Recall is calculated by dividing true positives by the total number of manual annotations. Precision is defined by dividing the false negatives by the amount of predicted cell centers within the annotated region. Accuracy is the number of mistakes over the sum of all observations (true positives, false positives, false negatives).

To test the effect of our ‘adaptive’ distance map, we also trained a network on a target mapping that consisted simply of Gaussian spots around the cell centers. For these spots to not overlap, we had to half their radius relative to the ‘adaptive’ version. The pixel weights were kept the same (Supplementary Fig. 2).

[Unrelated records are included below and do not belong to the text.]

lemma card_histories: "card (histories j) = fact j"
  by (induction j) (simp_all add: histories_0 histories_Suc card_image[OF inj_on_snoc]
      card_cartesian_product finite_histories)

lemma bind_pmf_of_set_map_pmf_of_set:
  assumes "finite A" "A \<noteq> {}" "finite B" "B \<noteq> {}"
  shows "bind_pmf (pmf_of_set A) (\<lambda>x. map_pmf (f x) (pmf_of_set B))
       = map_pmf (\<lambda>(x, y). f x y) (pmf_of_set (A \<times> B))"
proof -
  have "pmf_of_set (A \<times> B) = pair_pmf (pmf_of_set A) (pmf_of_set B)"
    by (rule pmf_eqI, clarify) (simp add: pmf_pair assms card_cartesian_product split: split_indicator)
  then show ?thesis
    by (simp add: pair_pmf_def map_bind_pmf map_pmf_def bind_assoc_pmf bind_return_pmf)
qed

lemma split_pmf_eq_pmf_of_set: "split_pmf j = pmf_of_set (histories j)"
proof (induction j)
  case 0
  then show ?case by (simp add: histories_0 pmf_of_set_singleton)
next
  case (Suc j)
  have "split_pmf (Suc j) = map_pmf (\<lambda>(xs, s). xs @ [s]) (pmf_of_set (histories j \<times> {0..<Suc j}))"
    by (simp add: Suc bind_pmf_of_set_map_pmf_of_set finite_histories histories_nonempty)
  also have "\<dots> = pmf_of_set (histories (Suc j))"
    unfolding histories_Suc
    by (rule map_pmf_of_set_inj[OF inj_on_snoc]) (auto simp: finite_histories histories_nonempty)
  finally show ?case .
qed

Cell center detection: Cellpose comparison

We used the Cellpose 3D module36 to produce nuclear masks for three time frames of our test dataset. The Cellpose algorithm was run from a dedicated Cellpose plugin in the OrganoidTracker GUI. We used an expected nucleus diameter of 25 pixels. After obtaining nuclear masks, we computed the centroid positions as the center of mass of each 3D mask. We manually removed Cellpose centroids that correspond to oversegmentation or undersegmentation. These validated centroids were then compared to the OrganoidTracker predictions. The analysis was limited to a tissue depth of 15 µm, avoiding the poor Cellpose segmentation for higher depths.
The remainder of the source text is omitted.